Untuk menghindari pertanyaan dari sang istri, Dean segera melangkah menuju kamar ibunya, dia mengetuk pintu dengan pelan, lalu membukanya setelah ada jawaban.
" Ibu ." Panggil Dean dengan hati hati.
Ibu Dea menatap Dean dengan sangat tajam " jangan bilang kamu masih berhubungan dengan wanita itu Dean." suara nya rendah namun penuh tekanan. " jangan sampai kamu menyesal karena bermain api di belakang istrimu dan juga ibu."
Tubuh Dean seketika menegang, dia menundukkan kepalanya, tidak berani menatap langsung ibunya.
" Ibu, tau tadi kamu sedang bertelepon dengan siapa." lanjut Bu Dea dengan nada dingin " Ibu hanya ingin bilang, hentikan semua kegilaan itu, sebelum semua nya terlambat."
Dean mengepalkan tangannya di sisi tubuh, mencoba menahan gejolak emosi yang mulai membara " Ibu tidak perlu khawatir." ucapnya pelan namun tegas. " Dean bisa mengatasinya, Dean janji akan menyelesaikan masalah ini secepatnya, sebelum Rea mengetahui nya ."
Bu Dea menghela nafas panjang, mata menatap putranya dengan kekecewaan dan khawatir.
" Jangan sampai ibu mendengar hal seperti ini lagi, kamu sudah di beri istri yang baik dan tulus, jangan rusak itu semua hanya karena masa lalu."
Dean hanya diam, dada nya merasa sesak, dia tau ibunya benar, tetapi sesuatu dalam diri nya membuatnya merasa sulit memutuskan apa yang harus dia lakukan.
Saat Dean kembali ke kamar, senyum perlahan di wajahnya mulai terbit, seketika rasa Gundah yang sempat menguasai pikiran nya tadi lenyap begitu saja ketika mata nya menangkap sosok sang istri.
Rea sudah berganti pakaian menggunakan dress selutut berwarna purple tanpa lengan sederhana namun manis, rambutnya yang di biarkan tergerai menambah kesan lembut ,polos dan cantik di wajahnya, pemandangan itu cukup membuat Dean lupa akan beban yang tadi menekan dadanya.

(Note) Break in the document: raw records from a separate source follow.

(* For the asynchronous Sinkhorn iteration described in the context, the iterates $(u^{(\ell)},v^{(\ell)})$ converge to a solution $(u,v)\in\mathbb R_{++}^X\times\mathbb R_{++}^Y$ of the scaling problem, i.e. $\mathrm{diag}(u)K\mathrm{diag}(v)$ has row sums $\mu$ and column sums $\nu$, and $q^{(\ell)}\to1$.
   Context: $X,Y$ finite sets, $\mu\in\mathcal P(X)$, $\nu\in\mathcal P(Y)$ with strictly positive entries, $c\in\mathbb R_+^{X\times Y}$, $\varepsilon>0$, kernel $K(x,y)=\exp(-c(x,y)/\varepsilon)\mu(x)\nu(y)$. Asynchronous Sinkhorn iteration: given $v^{(0)}\in\mathbb R_{++}^Y$, for $\ell\ge0$: $u^{(\ell+1)}=\mu\oslash(Kv^{(\ell)})$, $\hat v^{(\ell+1)}=\nu\oslash(K^\top u^{(\ell+1)})$, $v^{(\ell+1)}=\min\{v^{(\ell)},\hat v^{(\ell+1)}\}$ componentwise, $\pi^{(\ell+1)}=\mathrm{diag}(u^{(\ell+1)})K\mathrm{diag}(v^{(\ell+1)})$, $q^{(\ell+1)}=\sum_{x,y}\pi^{(\ell+1)}(x,y)$; $\oslash$ is componentwise division. *)

theory Defs
  imports "HOL-Analysis.Analysis"
begin

definition kernel :: "('x \<Rightarrow> real) \<Rightarrow> ('y \<Rightarrow> real) \<Rightarrow> ('x \<Rightarrow> 'y \<Rightarrow> real) \<Rightarrow> real
                      \<Rightarrow> 'x \<Rightarrow> 'y \<Rightarrow> real" where
  "kernel \<mu> \<nu> c \<epsilon> x y = exp (- c x y / \<epsilon>) * \<mu> x * \<nu> y"

definition u_upd :: "('x::finite \<Rightarrow> real) \<Rightarrow> ('x \<Rightarrow> 'y::finite \<Rightarrow> real) \<Rightarrow> ('y \<Rightarrow> real) \<Rightarrow> 'x \<Rightarrow> real" where
  "u_upd \<mu> K v x = \<mu> x / (\<Sum>y\<in>UNIV. K x y * v y)"

definition v_upd :: "('y::finite \<Rightarrow> real) \<Rightarrow> ('x::finite \<Rightarrow> 'y \<Rightarrow> real) \<Rightarrow> ('x \<Rightarrow> real) \<Rightarrow> 'y \<Rightarrow> real" where
  "v_upd \<nu> K u y = \<nu> y / (\<Sum>x\<in>UNIV. K x y * u x)"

" Aku sudah siap Mas." ucap Rea sambil tersenyum kecil. " semua nya sudah beres tidak ada yang tertinggal, ayok kita pamit sama ibu."
Dean menatap istrinya dengan tatapan penuh kagum, senyum lebar menguasai wajahnya. " Ya dek, Mas juga sudah tidak sabar ingin cepat cepat sampai rumah." balasnya dengan hangat.

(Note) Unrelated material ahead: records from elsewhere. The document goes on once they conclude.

(* Every instance of the Balancing with Conflicts game with $n$ players and $m$ machines satisfies: - if $n\ge m$, it is $\left(2-\frac1m+\frac{m-1}{n},\,0\right)$-semi-smooth; - if $n<m$, it is $\left(1+\frac{2n-2}{m},\,0\right)$-semi-smooth. In both cases the witnessing mixed strategy has every player choose each machine with probability $\frac1m$.
   Context: An instance of the Balancing with Conflicts (BwC) game consists of: - players $N=\{1,\dots,n\}$; - machines $M=\{1,\dots,m\}$; - a simple undirected graph $G=(N,E)$. Each player chooses one machine, so a state is $\vec s\in M^n$. Let $X_k(\vec s)=\{i:s_i=k\}$ and $x_k(\vec s)=|X_k(\vec s)|$. For $X\subseteq N$, $e(X)$ is the number of edges of $G$ with both endpoints in $X$. For a player $i$, $e(\{i\},X)$ is the number of neighbours of $i$ in $X$. The cost of player $i$ with $s_i=k$ is $c_i(\vec s)=x_k(\vec s)+e(\{i\},X_k(\vec s))$. The social cost is $$c(\vec s)=\sum_ic_i(\vec s)=\sum_{k=1}^m\big(x_k(\vec s)^2+2e(X_k(\vec s))\big),$$ and $\vec s^*$ is a state minimizing $c$. A cost-minimization game is $(\lambda,\mu)$-semi-smooth if there exist probability distributions $\sigma_i$ over the strategies of each player $i$ such that for every state $\vec s$, $$\sum_{i\in N}\mathbf E_{s_i'\sim\sigma_i}[c_i(s_i',\vec s_{-i})]\le\lambda c(\vec s^* )+\mu c(\vec s).$$ *)

theory Defs
  imports "HOL-Probability.Probability"
begin

text \<open>Balancing with Conflicts. Players are 0..n-1, machines are 0..m-1.
  The conflict graph is a simple undirected graph on the players, given by a
  symmetric irreflexive relation E.\<close>

definition simple_graph :: "(nat \<Rightarrow> nat \<Rightarrow> bool) \<Rightarrow> bool" where
  "simple_graph E \<longleftrightarrow> (\<forall>i j. E i j \<longrightarrow> E j i) \<and> (\<forall>i. \<not> E i i)"

definition bwc_states :: "nat \<Rightarrow> nat \<Rightarrow> (nat \<Rightarrow> nat) set" where
  "bwc_states n m = {s. \<forall>i<n. s i < m}"

definition load_set :: "nat \<Rightarrow> (nat \<Rightarrow> nat) \<Rightarrow> nat \<Rightarrow> nat set" where
  "load_set n s k = {i. i < n \<and> s i = k}"

definition nbrs_in :: "(nat \<Rightarrow> nat \<Rightarrow> bool) \<Rightarrow> nat \<Rightarrow> nat set \<Rightarrow> nat" where
  "nbrs_in E i X = card {j \<in> X. E i j}"

definition bwc_cost :: "nat \<Rightarrow> (nat \<Rightarrow> nat \<Rightarrow> bool) \<Rightarrow> (nat \<Rightarrow> nat) \<Rightarrow> nat \<Rightarrow> real" where
  "bwc_cost n E s i = real (card (load_set n s (s i))) + real (nbrs_in E i (load_set n s (s i)))"

definition bwc_social_cost :: "nat \<Rightarrow> (nat \<Rightarrow> nat \<Rightarrow> bool) \<Rightarrow> (nat \<Rightarrow> nat) \<Rightarrow> real" where
  "bwc_social_cost n E s = (\<Sum>i<n. bwc_cost n E s i)"

definition bwc_semi_smooth_with ::
  "nat \<Rightarrow> nat \<Rightarrow> (nat \<Rightarrow> nat \<Rightarrow> bool) \<Rightarrow> (nat \<Rightarrow> nat pmf) \<Rightarrow> real \<Rightarrow> real \<Rightarrow> bool" where
  "bwc_semi_smooth_with n m E \<sigma> lam mu \<longleftrightarrow>
     (\<forall>i<n. set_pmf (\<sigma> i) \<subseteq> {..<m}) \<and>
     (\<forall>s_opt \<in> bwc_states n m.
        (\<forall>t \<in> bwc_states n m. bwc_social_cost n E s_opt \<le> bwc_social_cost n E t) \<longrightarrow>
        (\<forall>s \<in> bwc_states n m.
           (\<Sum>i<n. measure_pmf.expectation (\<sigma> i) (\<lambda>k. bwc_cost n E (s(i := k)) i))
             \<le> lam * bwc_social_cost n E s_opt + mu * bwc_social_cost n E s))"

definition bwc_semi_smooth ::
  "nat \<Rightarrow> nat \<Rightarrow> (nat \<Rightarrow> nat \<Rightarrow> bool) \<Rightarrow> real \<Rightarrow> real \<Rightarrow> bool" where
  "bwc_semi_smooth n m E lam mu \<longleftrightarrow> (\<exists>\<sigma>. bwc_semi_smooth_with n m E \<sigma> lam mu)"

end

theory Submission
  imports Defs
begin

text \<open>If player i deviates to a uniformly random machine, it meets on average (n - 1)/m other
  players and deg(i)/m neighbours, so the left-hand side of the semi-smoothness inequality is
  (n(n + m - 1) + \<Sum> deg)/m, independently of the current state s. Against an arbitrary state t,
  each neighbour of i either shares i's machine or lies outside i's machine, so
  \<Sum> deg \<le> F + n^2 - Q, where Q = \<Sum> x_k^2 and F = 2 \<Sum> e(X_k) are the two parts of c(t).
  The claim then reduces to a lower bound on Q: Q \<ge> n^2/m by Cauchy-Schwarz when n \<ge> m,
  and Q \<ge> n when n < m.\<close>

definition degree :: "nat \<Rightarrow> (nat \<Rightarrow> nat \<Rightarrow> bool) \<Rightarrow> nat \<Rightarrow> nat" where
  "degree n E i = card {j. j < n \<and> E i j}"

definition load_cost :: "nat \<Rightarrow> (nat \<Rightarrow> nat) \<Rightarrow> real" where
  "load_cost n t = (\<Sum>i<n. real (card (load_set n t (t i))))"

definition conflict_cost :: "nat \<Rightarrow> (nat \<Rightarrow> nat \<Rightarrow> bool) \<Rightarrow> (nat \<Rightarrow> nat) \<Rightarrow> real" where
  "conflict_cost n E t = (\<Sum>i<n. real (nbrs_in E i (load_set n t (t i))))"

lemma bwc_social_cost_split:
  "bwc_social_cost n E t = load_cost n t + conflict_cost n E t"
  by (simp add: bwc_social_cost_def bwc_cost_def load_cost_def conflict_cost_def sum.distrib)

lemma sum_card_fibres:
  fixes f :: "'a \<Rightarrow> nat"
  assumes "finite A" and "f ` A \<subseteq> {..<m}"
  shows "(\<Sum>k<m. card {j\<in>A. f j = k}) = card A"
  using sum.group[OF assms(1) finite_lessThan[of m] assms(2), of "\<lambda>_. 1::nat"] by simp

lemma sum_card_load_set:
  assumes "t \<in> bwc_states n m"
  shows "(\<Sum>k<m. card (load_set n t k)) = n"
  using sum_card_fibres[of "{..<n}" t m] assms
  by (simp add: load_set_def bwc_states_def image_subset_iff)

lemma load_cost_eq_sum_squares:
  assumes "t \<in> bwc_states n m"
  shows "load_cost n t = (\<Sum>k<m. real (card (load_set n t k)) ^ 2)"
proof -
  have "load_cost n t = (\<Sum>k<m. \<Sum>i\<in>{i\<in>{..<n}. t i = k}. real (card (load_set n t (t i))))"
    unfolding load_cost_def
    by (rule sum.group[symmetric]) (use assms in \<open>auto simp: bwc_states_def\<close>)
  also have "\<dots> = (\<Sum>k<m. real (card (load_set n t k)) ^ 2)"
  proof (intro sum.cong refl)
    fix k
    have X: "{i\<in>{..<n}. t i = k} = load_set n t k" by (auto simp: load_set_def)
    show "(\<Sum>i\<in>{i\<in>{..<n}. t i = k}. real (card (load_set n t (t i))))
        = real (card (load_set n t k)) ^ 2"
      by (simp add: X power2_eq_square load_set_def)
  qed
  finally show ?thesis .
qed

lemma load_cost_ge_square_div:
  assumes "t \<in> bwc_states n m"
  shows "real n ^ 2 / real m \<le> load_cost n t"
proof -
  have "real n ^ 2 = (\<Sum>k<m. real (card (load_set n t k))) ^ 2"
    using sum_card_load_set[OF assms] by (simp flip: of_nat_sum)
  also have "\<dots> \<le> load_cost n t * real m"
    using sum_squared_le_sum_of_squares[of "\<lambda>k. real (card (load_set n t k))" "{..<m}"]
    by (simp add: load_cost_eq_sum_squares[OF assms])
  finally show ?thesis
    by (cases "m = 0") (simp_all add: load_cost_def sum_nonneg divide_le_eq)
qed

lemma load_cost_ge_players: "real n \<le> load_cost n t"
proof -
  have "card (load_set n t (t i)) \<ge> 1" if "i < n" for i
    using that card_0_eq[of "load_set n t (t i)"] by (fastforce simp: load_set_def)
  then have "(\<Sum>i<n. (1::real)) \<le> load_cost n t"
    unfolding load_cost_def by (intro sum_mono) simp
  then show ?thesis by simp
qed

lemma degree_le_conflicts_plus_others:
  "degree n E i \<le> nbrs_in E i (load_set n t k) + (n - card (load_set n t k))"
proof -
  let ?X = "load_set n t k"
  have X: "?X \<subseteq> {..<n}" by (auto simp: load_set_def)
  then have "finite ?X" by (rule finite_subset) simp
  then have "degree n E i \<le> card ({j\<in>?X. E i j} \<union> ({..<n} - ?X))"
    unfolding degree_def by (intro card_mono) auto
  also have "\<dots> \<le> card {j\<in>?X. E i j} + card ({..<n} - ?X)"
    by (rule card_Un_le)
  also have "card ({..<n} - ?X) = n - card ?X"
    using X by (simp add: card_Diff_subset finite_subset)
  finally show ?thesis by (simp add: nbrs_in_def)
qed

lemma sum_degree_le:
  "(\<Sum>i<n. real (degree n E i)) \<le> conflict_cost n E t + real n * real n - load_cost n t"
proof -
  have "card (load_set n t k) \<le> n" for k
    using card_mono[of "{..<n}" "load_set n t k"] by (auto simp: load_set_def)
  then have "real (degree n E i)
      \<le> real (nbrs_in E i (load_set n t (t i))) + (real n - real (card (load_set n t (t i))))" for i
    using degree_le_conflicts_plus_others[of n E i t "t i"]
    by (metis of_nat_add of_nat_diff of_nat_le_iff)
  then have "(\<Sum>i<n. real (degree n E i))
      \<le> (\<Sum>i<n. real (nbrs_in E i (load_set n t (t i))) + (real n - real (card (load_set n t (t i)))))"
    by (intro sum_mono)
  then show ?thesis
    by (simp add: conflict_cost_def load_cost_def sum.distrib sum_subtractf)
qed

lemma sum_bwc_cost_over_machines:
  assumes "simple_graph E" and "i < n" and "s \<in> bwc_states n m"
  shows "(\<Sum>k<m. bwc_cost n E (s(i := k)) i) = real (m + (n - 1)) + real (degree n E i)"
proof -
  have loop_free: "\<not> E i i" using assms(1) by (simp add: simple_graph_def)
  have onto_others: "s ` ({..<n} - {i}) \<subseteq> {..<m}"
    and onto_nbrs: "s ` {j. j < n \<and> E i j} \<subseteq> {..<m}"
    using assms(3) by (auto simp: bwc_states_def)
  have X: "load_set n (s(i := k)) k = insert i {j\<in>{..<n} - {i}. s j = k}" for k
    using assms(2) by (auto simp: load_set_def)
  have N: "{j\<in>load_set n (s(i := k)) k. E i j} = {j\<in>{j. j < n \<and> E i j}. s j = k}" for k
    using loop_free by (auto simp: X)
  have "(\<Sum>k<m. bwc_cost n E (s(i := k)) i)
      = real m + real (\<Sum>k<m. card {j\<in>{..<n} - {i}. s j = k})
        + real (\<Sum>k<m. card {j\<in>{j. j < n \<and> E i j}. s j = k})"
    unfolding bwc_cost_def nbrs_in_def N fun_upd_same
    by (simp add: X sum.distrib flip: of_nat_sum)
  also have "\<dots> = real (m + (n - 1)) + real (degree n E i)"
    using sum_card_fibres[of "{..<n} - {i}" s m] sum_card_fibres[of "{j. j < n \<and> E i j}" s m]
      onto_others onto_nbrs assms(2)
    by (auto simp: sum.distrib degree_def)
  finally show ?thesis .
qed

lemma sum_uniform_deviation_cost:
  assumes "simple_graph E" and "m \<ge> 1" and "s \<in> bwc_states n m"
  shows "(\<Sum>i<n. measure_pmf.expectation (pmf_of_set {..<m}) (\<lambda>k. bwc_cost n E (s(i := k)) i))
       = (real n * (real n + real m - 1) + (\<Sum>i<n. real (degree n E i))) / real m"
proof -
  have "(\<Sum>i<n. measure_pmf.expectation (pmf_of_set {..<m}) (\<lambda>k. bwc_cost n E (s(i := k)) i))
      = (\<Sum>i<n. (real (m + (n - 1)) + real (degree n E i)) / real m)"
    using assms(2) sum_bwc_cost_over_machines[OF assms(1) _ assms(3)]
    by (intro sum.cong refl) (simp add: integral_pmf_of_set lessThan_empty_iff)
  also have "\<dots> = (real n * (real n + real m - 1) + (\<Sum>i<n. real (degree n E i))) / real m"
    using assms(2) by (cases n) (simp_all add: sum.distrib algebra_simps flip: sum_divide_distrib)
  finally show ?thesis .
qed

lemma sum_uniform_deviation_cost_le:
  assumes "simple_graph E" and "m \<ge> 1" and "s \<in> bwc_states n m"
  shows "(\<Sum>i<n. measure_pmf.expectation (pmf_of_set {..<m}) (\<lambda>k. bwc_cost n E (s(i := k)) i))
       \<le> (real n * (2 * real n + real m - 1) - load_cost n t + conflict_cost n E t) / real m"
  unfolding sum_uniform_deviation_cost[OF assms]
  using sum_degree_le[of n E t] assms(2)
  by (intro divide_right_mono) (simp_all add: algebra_simps)

lemma bwc_semi_smooth_with_no_players: "bwc_semi_smooth_with 0 m E \<sigma> lam mu"
  by (simp add: bwc_semi_smooth_with_def bwc_social_cost_def)

lemma bwc_semi_smooth_with_uniformI:
  assumes "simple_graph E" and "m \<ge> 1" and "1 / real m \<le> lam"
    and load_bound: "\<And>t. t \<in> bwc_states n m \<Longrightarrow>
        real n * (2 * real n + real m - 1) / real m \<le> (lam + 1 / real m) * load_cost n t"
  shows "bwc_semi_smooth_with n m E (\<lambda>i. pmf_of_set {..<m}) lam 0"
  unfolding bwc_semi_smooth_with_def
proof (intro conjI allI impI ballI)
  show "set_pmf (pmf_of_set {..<m}) \<subseteq> {..<m}"
    using assms(2) by (simp add: set_pmf_of_set lessThan_empty_iff)
next
  fix t s assume t: "t \<in> bwc_states n m" and s: "s \<in> bwc_states n m"
  let ?Q = "load_cost n t" and ?F = "conflict_cost n E t"
  have "?F / real m \<le> lam * ?F"
    using mult_right_mono[OF assms(3), of ?F]
    by (simp add: conflict_cost_def sum_nonneg)
  then have "(real n * (2 * real n + real m - 1) - ?Q + ?F) / real m \<le> lam * (?Q + ?F)"
    using load_bound[OF t] by (simp add: diff_divide_distrib add_divide_distrib algebra_simps)
  then show "(\<Sum>i<n. measure_pmf.expectation (pmf_of_set {..<m}) (\<lambda>k. bwc_cost n E (s(i := k)) i))
      \<le> lam * bwc_social_cost n E t + 0 * bwc_social_cost n E s"
    using sum_uniform_deviation_cost_le[OF assms(1,2) s, of t]
    by (simp add: bwc_social_cost_split)
qed

lemma bwc_semi_smooth_with_uniform_many_players:
  assumes "simple_graph E" and "1 \<le> m" and "m \<le> n"
  shows "bwc_semi_smooth_with n m E (\<lambda>i. pmf_of_set {..<m})
           (2 - 1 / real m + (real m - 1) / real n) 0"
proof (rule bwc_semi_smooth_with_uniformI[OF assms(1,2)])
  let ?lam = "2 - 1 / real m + (real m - 1) / real n"
  have n: "real n > 0" and m: "real m \<ge> 1" using assms(2,3) by simp_all
  then have "1 / real m \<le> 1" and "(real m - 1) / real n \<ge> 0" by simp_all
  then show "1 / real m \<le> ?lam" by linarith
  fix t assume t: "t \<in> bwc_states n m"
  have "real n * (2 * real n + real m - 1) / real m
      = (2 * real n + real m - 1) / real n * (real n ^ 2 / real m)"
    using n m by (simp add: field_simps power2_eq_square)
  also have "\<dots> \<le> (2 * real n + real m - 1) / real n * load_cost n t"
    using load_cost_ge_square_div[OF t] m n by (intro mult_left_mono) simp_all
  also have "(2 * real n + real m - 1) / real n = ?lam + 1 / real m"
    using n by (simp add: field_simps)
  finally show "real n * (2 * real n + real m - 1) / real m \<le> (?lam + 1 / real m) * load_cost n t" .
qed

lemma bwc_semi_smooth_with_uniform_few_players:
  assumes "simple_graph E" and "n < m"
  shows "bwc_semi_smooth_with n m E (\<lambda>i. pmf_of_set {..<m}) (1 + (2 * real n - 2) / real m) 0"
proof (cases "n = 0")
  case False
  let ?lam = "1 + (2 * real n - 2) / real m"
  have n: "real n \<ge> 1" and m: "real m > 0" using False assms(2) by simp_all
  show ?thesis
  proof (rule bwc_semi_smooth_with_uniformI[OF assms(1)])
    show "1 \<le> m" and "1 / real m \<le> ?lam" using n m assms(2) by (simp_all add: field_simps)
    fix t
    have "real n * (2 * real n + real m - 1) / real m = (2 * real n + real m - 1) / real m * real n"
      by simp
    also have "\<dots> \<le> (2 * real n + real m - 1) / real m * load_cost n t"
      using load_cost_ge_players[of n t] n m by (intro mult_left_mono) simp_all
    also have "(2 * real n + real m - 1) / real m = ?lam + 1 / real m"
      using m by (simp add: field_simps)
    finally show "real n * (2 * real n + real m - 1) / real m \<le> (?lam + 1 / real m) * load_cost n t" .
  qed
qed (simp add: bwc_semi_smooth_with_no_players)

theorem theorem4:
  fixes n m :: nat and E :: "nat \<Rightarrow> nat \<Rightarrow> bool"
  assumes "m \<ge> 1" and "simple_graph E"
  shows "(n \<ge> m \<longrightarrow>
            bwc_semi_smooth_with n m E (\<lambda>i. pmf_of_set {..<m})
              (2 - 1 / real m + (real m - 1) / real n) 0)
       \<and> (n < m \<longrightarrow>
            bwc_semi_smooth_with n m E (\<lambda>i. pmf_of_set {..<m})
              (1 + (2 * real n - 2) / real m) 0)"
  using bwc_semi_smooth_with_uniform_many_players[OF assms(2,1)]
    bwc_semi_smooth_with_uniform_few_players[OF assms(2)]
  by blast

end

Dean lalu menyeret koper mereka, sementara tangan sebelah nya menggenggam tangan Rea dengan lembut, bersama mereka keluar dari kamar.
" Bu, Rea pamit ya." ucap Rea dengan lembut sambil memeluk tubuh ibu mertua nya. " Jaga diri ibu baik baik ya, insyallah Rea akan sering sering ke sini menjenguk ibu, do'a kan rumah tangga Rea dan Mas Dean selalu di ridhoi Allah ya Bu."

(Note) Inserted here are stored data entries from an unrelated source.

lemma maximally_distant_B0_Dk:
  assumes "n = 2 * k" "1 \<le> k"
  shows "maximally_distant n (LB, 0) (LD, k)"
proof (rule maximally_distantI)
  show "k + 2 \<le> gdist n (LD, k) (LB, 0)"
    using gdist_B0_Dk[OF assms] by (simp add: gdist_sym)
  have "2 \<le> n" "(LD, k) \<in> verts n"
    using assms by (simp_all add: verts_def)
  note step = gdist_adj_step[OF adj_sym \<open>(LD, k) \<in> verts n\<close>]
  fix x
  assume x: "adj n (LB, 0) x"
  have "x \<in> {(LB, 1), (LB, n - 1), (LA, 1), (LA, 0), (LC, 0)}"
    using adj_cases[OF x] \<open>2 \<le> n\<close> by auto
  moreover have D_0: "gdist n (LD, k) (LD, 0) \<le> k"
    using gdist_along_layer[of 0 k n LD] assms by (simp add: gdist_sym)
  moreover have D_1: "gdist n (LD, k) (LD, 1) \<le> k - 1"
    using gdist_along_layer[of 1 k n LD] assms by (simp add: gdist_sym)
  moreover have D_last: "gdist n (LD, k) (LD, n - 1) \<le> k - 1"
    using gdist_along_layer[of k "n - 1" n LD] assms by simp
  moreover have "gdist n (LD, k) (LC, 0) \<le> k + 1"
    using step[OF adj_C_D[of 0 n]] D_0 \<open>2 \<le> n\<close> by simp
  moreover have B_1: "gdist n (LD, k) (LB, 1) \<le> k + 1"
    using step[OF adj_B_C[of 1 n]] step[OF adj_C_D[of 1 n]] D_1 \<open>2 \<le> n\<close> assms by simp
  moreover have "gdist n (LD, k) (LA, 1) \<le> k + 2"
    using step[OF adj_A_B[of 1 n]] \<open>2 \<le> n\<close> B_1 by simp
  moreover have B_last: "gdist n (LD, k) (LB, n - 1) \<le> k + 1"
    using step[OF adj_B_C[of "n - 1" n]] step[OF adj_C_D[of "n - 1" n]] D_last assms by simp
  moreover have "gdist n (LD, k) (LA, 0) \<le> k + 2"
    using step[OF adj_A_0_B_last[OF \<open>2 \<le> n\<close>]] B_last by simp
  ultimately show "gdist n (LD, k) x \<le> k + 2"
    by auto
qed

lemma maximally_distant_Dk_B0:
  assumes "n = 2 * k" "2 \<le> k"
  shows "maximally_distant n (LD, k) (LB, 0)"
proof (rule maximally_distantI)
  show "k + 2 \<le> gdist n (LB, 0) (LD, k)"
    using gdist_B0_Dk assms by simp
  have "Suc k < n" "k - 1 < n"
    using assms by simp_all
  then have verts: "(LB, 0) \<in> verts n" "(LD, 0) \<in> verts n" "(LD, Suc k) \<in> verts n"
    "(LD, k - 1) \<in> verts n"
    by (simp_all add: verts_def)
  have "gdist n (LB, 0) (LD, 0) \<le> 2"
    using gdist_adj_step[OF adj_C_D[of 0 n] verts(1)] gdist_adj_step[OF adj_B_C[of 0 n] verts(1)]
      gdist_self[OF verts(1)] \<open>Suc k < n\<close> by simp
  then have via_D_0: "gdist n (LB, 0) w \<le> 2 + gdist n (LD, 0) w" if "w \<in> verts n" for w
    using gdist_triangle[OF verts(1,2) that] by simp
  fix x
  assume x: "adj n (LD, k) x"
  have "x \<in> {(LD, Suc k), (LD, k - 1), (LC, k)}"
    using adj_cases[OF x] \<open>Suc k < n\<close> assms by auto
  moreover have "gdist n (LB, 0) (LD, Suc k) \<le> k + 1"
    using gdist_around_layer[of 0 "Suc k" n LD] via_D_0[OF verts(3)] assms
    by (simp add: gdist_sym)
  moreover have "gdist n (LB, 0) (LD, k - 1) \<le> k + 1"
    using gdist_along_layer[of 0 "k - 1" n LD, OF _ \<open>k - 1 < n\<close>] via_D_0[OF verts(4)] assms
    by simp
  moreover have "gdist n (LB, 0) (LC, k) \<le> k + 1"
    using gdist_adj_step[OF adj_B_C[of k n] verts(1)] gdist_along_layer[of 0 k n LB] assms
    by simp
  ultimately show "gdist n (LB, 0) x \<le> k + 2"
    by auto
qed

lemma mutually_maximally_distant_B0_Dk:
  "n = 2 * k \<Longrightarrow> 2 \<le> k \<Longrightarrow> mutually_maximally_distant n (LB, 0) (LD, k)"
  unfolding mutually_maximally_distant_def
  using maximally_distant_B0_Dk maximally_distant_Dk_B0 by simp

section \<open>Counting\<close>

lemma strong_resolving_set_meets_B_D:
  assumes "n = 2 * k" "2 \<le> k" "strong_resolving_set n S" "t < n"
  shows "(LB, t) \<in> S \<or> (LD, (t + k) mod n) \<in> S"
proof -
  have verts: "(LB, 0) \<in> verts n" "(LD, k) \<in> verts n"
    using assms by (simp_all add: verts_def)
  have "mutually_maximally_distant n ((rot n ^^ t) (LB, 0)) ((rot n ^^ t) (LD, k))"
    using mutually_maximally_distant_rot_pow[OF verts mutually_maximally_distant_B0_Dk[OF assms(1,2)]] .
  then have "mutually_maximally_distant n (LB, t) (LD, (t + k) mod n)"
    using assms by (simp add: rot_pow add.commute)
  then show ?thesis
    using mutually_maximally_distant_in_strong_resolving_set[OF assms(3)] assms(4)
    by (simp add: verts_def)
qed

lemma strong_resolving_set_meets_A_A:
  assumes "n = 2 * k" "1 \<le> k" "strong_resolving_set n S" "t < k"
  shows "(LA, t) \<in> S \<or> (LA, t + k) \<in> S"
proof -
  have verts: "(LA, 0) \<in> verts n" "(LA, k) \<in> verts n"
    using assms by (simp_all add: verts_def)
  have "mutually_maximally_distant n ((rot n ^^ t) (LA, 0)) ((rot n ^^ t) (LA, k))"
    using mutually_maximally_distant_rot_pow[OF verts mutually_maximally_distant_A0_Ak[OF assms(1,2)]] .
  then have "mutually_maximally_distant n (LA, t) (LA, t + k)"
    using assms by (simp add: rot_pow add.commute)
  then show ?thesis
    using mutually_maximally_distant_in_strong_resolving_set[OF assms(3)] assms
    by (simp add: verts_def)
qed

lemma add_half_mod:
  fixes n k t :: nat
  assumes "n = 2 * k" "t < n"
  shows "(t + k) mod n = (if t < k then t + k else t - k)"
proof (cases "t < k")
  case False
  then have "(t + k) mod n = (t + k - n) mod n"
    using assms by (simp add: le_mod_geq)
  with False show ?thesis
    using assms by simp
qed (use assms in simp)

lemma finite_verts: "finite (verts n)"
proof -
  have "(UNIV :: layer set) = {LA, LB, LC, LD}"
    using layer.exhaust by auto
  then have "finite (UNIV :: layer set)"
    by (metis finite.emptyI finite.insertI)
  then show ?thesis
    unfolding verts_def by simp
qed

lemma card_le_card_if_disjoint_family_meets:
  assumes "finite S" "\<And>t. t \<in> I \<Longrightarrow> P t \<inter> S \<noteq> {}"
    and "\<And>s t. s \<in> I \<Longrightarrow> t \<in> I \<Longrightarrow> s \<noteq> t \<Longrightarrow> P s \<inter> P t = {}"
  shows "card I \<le> card S"
proof -
  have "\<forall>t\<in>I. \<exists>x. x \<in> P t \<inter> S"
    using assms(2) by blast
  from bchoice[OF this] obtain h where h: "\<forall>t\<in>I. h t \<in> P t \<inter> S"
    by blast
  have "inj_on h I"
  proof (rule inj_onI)
    fix s t
    assume "s \<in> I" "t \<in> I" "h s = h t"
    then have "h s \<in> P s \<inter> P t"
      using h by auto
    then show "s = t"
      using assms(3)[OF \<open>s \<in> I\<close> \<open>t \<in> I\<close>] by blast
  qed
  moreover have "h ` I \<subseteq> S"
    using h by blast
  ultimately show ?thesis
    using card_inj_on_le[OF _ _ assms(1)] by blast
qed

Bu Dea membalas pelukan itu dengan penuh kasih . " iya sayang, ibu akan selalu mendoakan yang terbaik untuk kalian berdua, jangan sungkan untuk menghubungi ibu kalo terjadi apa apa ya nak."
Beliau lalu mengecup kening Rea dengan lembut sebelum beralih menatap putranya.
Dean menunduk hormat, lalu mengecup tangan ibu nya. " Do'akan kami Bu ." ucap nya singkat namun hangat.
Bu Dea tersenyum, meski senyum itu menyimpan ke khawatiran yang tak bisa dia sembunyikan sepenuhnya , dia menatap anak dan menantunya menuju mobil lalu masuk dan bersiap meninggalkan rumah.
Saat mobil itu perlahan melaju keluar dari halaman, Bu Dea masih berdiri di depan pintu, tatapannya mengikuti kendaraan yang kini semakin melaju.
Helaan nafas keluar dari bibirnya.
" Semoga saja Dean menepati janji nya itu." ucapnya dengan lirih. " Dan semoga dia bisa lepas dari wanita murahan itu sebelum semua nya terlambat."
Bu Dea menatap kosong ke arah gerbang yang kini sudah tertutup kembali, berharap doa dan peringatannya bisa benar benar menyelamatkan rumah tangga sang putra.